Кстати, на перехват оттуда летали летом 91-го года самолеты очень-очень не часто.

Думаю, что сейчас кто-то напишет ссылку, где будут указаны даты, время вылета, номер борта, высота полета, ФИО летчика и его размер ноги :)) А есть у Вас сайт поселка Борисовский? Как там поживают боевые подруги Хотилово? Кстати, почти все прапоры, кто не жил в Хотилово, были из Борисовского.

----------


## juky-puky

"Еще раз побеседовал в Хотилово с летчиком, которого поднимали по Русту.Начальник ПДС полка ст.л-т Александров. Подняли примерно 16.40, нижний край метров 150-200, набрал 6000м, навели голосом на цель в ЗПС, далее последовал запрос о возможности определения гос.принадлежности цели ( управлял нач.Авиации Ржевского корпуса полковник Золотарев, естественно под контролем вышестоящих командиров).Ответ - разрешите снизится под облака или включить прицел ( была такая практика наведения по контрольным целям без включения прицела). Его снижают до 4500, еще раз наводят( все в облаках), прицел включать не дают, и ниже не снижают, опять запросы сверху и ответы, что или снижайте под облака или дайте прицел включить, на третье наведение такая же картина...Входит в зону ЗРВ кажется Тургиновского полка, на канале наведения ЗРВшник вклинивается и говорит чуть ли не матом, кто там наводится уходи буду бить все подряд , Александров передает прямую речь на КП корпуса( они естественно не слышат эту перепалку в эфире). Александров получает команду отворот и на посадку в Хотилово.В этот же день его на Ан-26 и на Черную, там собрали всех причастных к этому делу, руководил старенький вице-адмирал с большими полномочиями... ну летчиков и штурманов после опроса и объяснительных покормили и отпустили по домам, а остальных..."
  - Какой дурдом...

----------


## FLOGGER

> - Какой дурдом...


Юки, да ладно тебе. А где дурдома не было? Можно подумать, что когда МИГ-23М долетел до Бельгии без пилота там (в НАТО) не было дурдома.

----------


## juky-puky

> Юки, да ладно тебе. А где дурдома не было? Можно подумать, что когда МИГ-23М долетел до Бельгии без пилота там (в НАТО) не было дурдома.

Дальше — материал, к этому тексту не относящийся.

lemma H_shifted_Cauchy_Schwarz:
  assumes x: "(x, x') \<in> H" and y: "(y, y') \<in> H"
  shows "(cmod (cinner (x' - c *\<^sub>R x) y))\<^sup>2
    \<le> Re (cinner (x' - c *\<^sub>R x) x) * Re (cinner (y' - c *\<^sub>R y) y)"
proof (rule quadratic_nonneg_imp_cmod_square_le)
  show "0 \<le> Re (cinner (x' - c *\<^sub>R x) x)" "0 \<le> Re (cinner (y' - c *\<^sub>R y) y)"
    using H_shifted_nonneg x y by auto
  fix a
  define w v where "w = x' - c *\<^sub>R x" and "v = y' - c *\<^sub>R y"
  have "(x + a *\<^sub>C y, x' + a *\<^sub>C y') \<in> H"
    using lin_rel_add[OF lin_rel_H x lin_rel_scaleC[OF lin_rel_H y]] .
  then have "0 \<le> Re (cinner ((x' + a *\<^sub>C y') - c *\<^sub>R (x + a *\<^sub>C y)) (x + a *\<^sub>C y))"
    by (rule H_shifted_nonneg)
  also have "(x' + a *\<^sub>C y') - c *\<^sub>R (x + a *\<^sub>C y) = w + a *\<^sub>C v"
    unfolding w_def v_def
    by (simp add: scaleC_diff_right scaleR_add_right scaleR_scaleC_commute algebra_simps)
  also have "cinner (w + a *\<^sub>C v) (x + a *\<^sub>C y)
      = cinner w x + (cnj a * cinner w y + a * cinner v x + a * cnj a * cinner v y)"
    by (simp add: cinner_add_left cinner_add_right cinner_scaleC_left cinner_scaleC_right algebra_simps)
  also have "cinner v x = cnj (cinner w y)" unfolding w_def v_def by (rule H_shifted_hermitian[OF x y])
  also have "cinner v y = complex_of_real (Re (cinner v y))"
    using H_shifted_nonneg(1)[OF y] by (simp add: v_def complex_eq_iff)
  finally have "0 \<le> Re (cinner w x) + (2 * Re (a * cnj (cinner w y)) + (cmod a)\<^sup>2 * Re (cinner v y))"
    by (simp only: plus_complex.sel Re_expand_square)
  then show "0 \<le> Re (cinner (x' - c *\<^sub>R x) x) + 2 * Re (a * cnj (cinner (x' - c *\<^sub>R x) y))
      + (cmod a)\<^sup>2 * Re (cinner (y' - c *\<^sub>R y) y)"
    unfolding w_def v_def by (simp only: add.assoc)
qed

lemma Q_clinear_on: "clinear_on (rdom S) Q"
proof -
  have lin: "Q (a *\<^sub>C \<phi> + b *\<^sub>C \<psi>) = a *\<^sub>C Q \<phi> + b *\<^sub>C Q \<psi>"
    if "\<phi> \<in> rdom S" "\<psi> \<in> rdom S" for \<phi> \<psi> a b
    using Q_rep that unfolding representing_map_def by blast
  show ?thesis
    unfolding clinear_on_def using lin[of _ _ 1 1] lin[of _ _ _ 0] by (simp add: scaleC_one)
qed

lemma S_shifted_form:
  assumes "(\<phi>, \<phi>') \<in> S"
  shows "cinner (\<phi>' - c *\<^sub>R \<phi>) \<phi> = cinner (Q \<phi>) (Q \<phi>)"
proof -
  have "\<phi> \<in> rdom S" and "\<phi> \<in> rdom H" using assms S_subset_H by (auto intro: rdomI)
  then have "tform S \<phi> \<phi> = complex_of_real c * cinner \<phi> \<phi> + cinner (Q \<phi>) (Q \<phi>)"
    and "tform S \<phi> \<phi> = cinner \<phi>' \<phi>"
    using Q_rep tform_eq_cinner[OF S_subset_H assms] unfolding representing_map_def by blast+
  then show ?thesis by (simp add: cinner_diff_left cinner_scaleR_left)
qed

lemma mem_radj_companion:
  "(x, y) \<in> radj J \<longleftrightarrow> (\<forall>\<phi> \<phi>'. (\<phi>, \<phi>') \<in> S \<longrightarrow> cinner (\<phi>' - c *\<^sub>R \<phi>) x = cinner (Q \<phi>) y)"
  unfolding mem_radj_iff companion_def by auto

lemma mem_rmul_radj_companion:
  "m \<in> rmul (radj J) \<longleftrightarrow> (\<forall>\<phi> \<phi>'. (\<phi>, \<phi>') \<in> S \<longrightarrow> cinner (Q \<phi>) m = 0)"
  unfolding rmul_def mem_radj_companion by simp

lemma R_mem:
  assumes "f \<in> rdom (radj J)"
  shows "(f, R f) \<in> radj J" and "\<forall>m\<in>rmul (radj J). cinner (R f) m = 0"
  using rreg_app_mem[OF lin_rel_radj closed_radj assms] by blast+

- Не было дурдома, однако. 
Где-то над морем, недалеко от берега, два перехватчика НАТО подошли к этому беспилотному самолёту почти вплотную, посмотрели в кабину, дико удивились и начали запрашивать руководящих указаний у КП, под чьим управлением они были. Но команды сбивать его им не дали, а тут он и в Бельгию залетел, топливо в конце концов кончилось, самолёт упал и убил молодого парня, фермерского сына. СССР заплатил, кажись, 1.5 миллиона долларов родителям.
 Если бы его сбили над морем - ничего плохого не случилось. Но, ИМХО, *натовское командование хотело заполучить самолёт по возможности целым*, тогда ещё холодная война не кончилась, поэтому команды на сбитие не дали специально.
*Но перехватить-то его перехватили.*

----------


## FLOGGER

> - Не было дурдома, однако. 
> Где-то над морем, недалеко от берега, два перехватчика НАТО подошли к этому беспилотному самолёту почти вплотную, посмотрели в кабину, дико удивились и начали запрашивать руководящих указаний у КП, под чьим управлением они были. Но команды сбивать его им не дали, а тут он и в Бельгию залетел, топливо в конце концов кончилось, самолёт упал и убил молодого парня, фермерского сына. СССР заплатил, кажись, 1.5 миллиона долларов родителям.
>  Если бы его сбили над морем - ничего плохого не случилось. Но, ИМХО, *натовское командование хотело заполучить самолёт по возможности целым*, тогда ещё холодная война не кончилась, поэтому команды на сбитие не дали специально.
> *Но перехватить-то его перехватили.*


Да знаю я все это. Только подозреваю, что  к этому времени у них уже были образцы 23-го, и расчитывать, что к ним само залетит что-то новенькое особо не было смысла. А если бы в ем  была бонба? Так что  я думаю, что у них было тоже самое, что  и у нас: найти-то нашли, а вот на сбитие команду никто не дал потому что не знали что  с ним делать. Вряд ли они думали в это время заполучить его целехоньким  в свои руки. Не  идеализируй, бардак есть везде, разница только в масштабах.

----------


## AC

> ...Значит, в список на закрытие Хотилово попало (печатали в газетах и в интернете), но, видно, чем-то оно их заинтересовало. Решили оставить...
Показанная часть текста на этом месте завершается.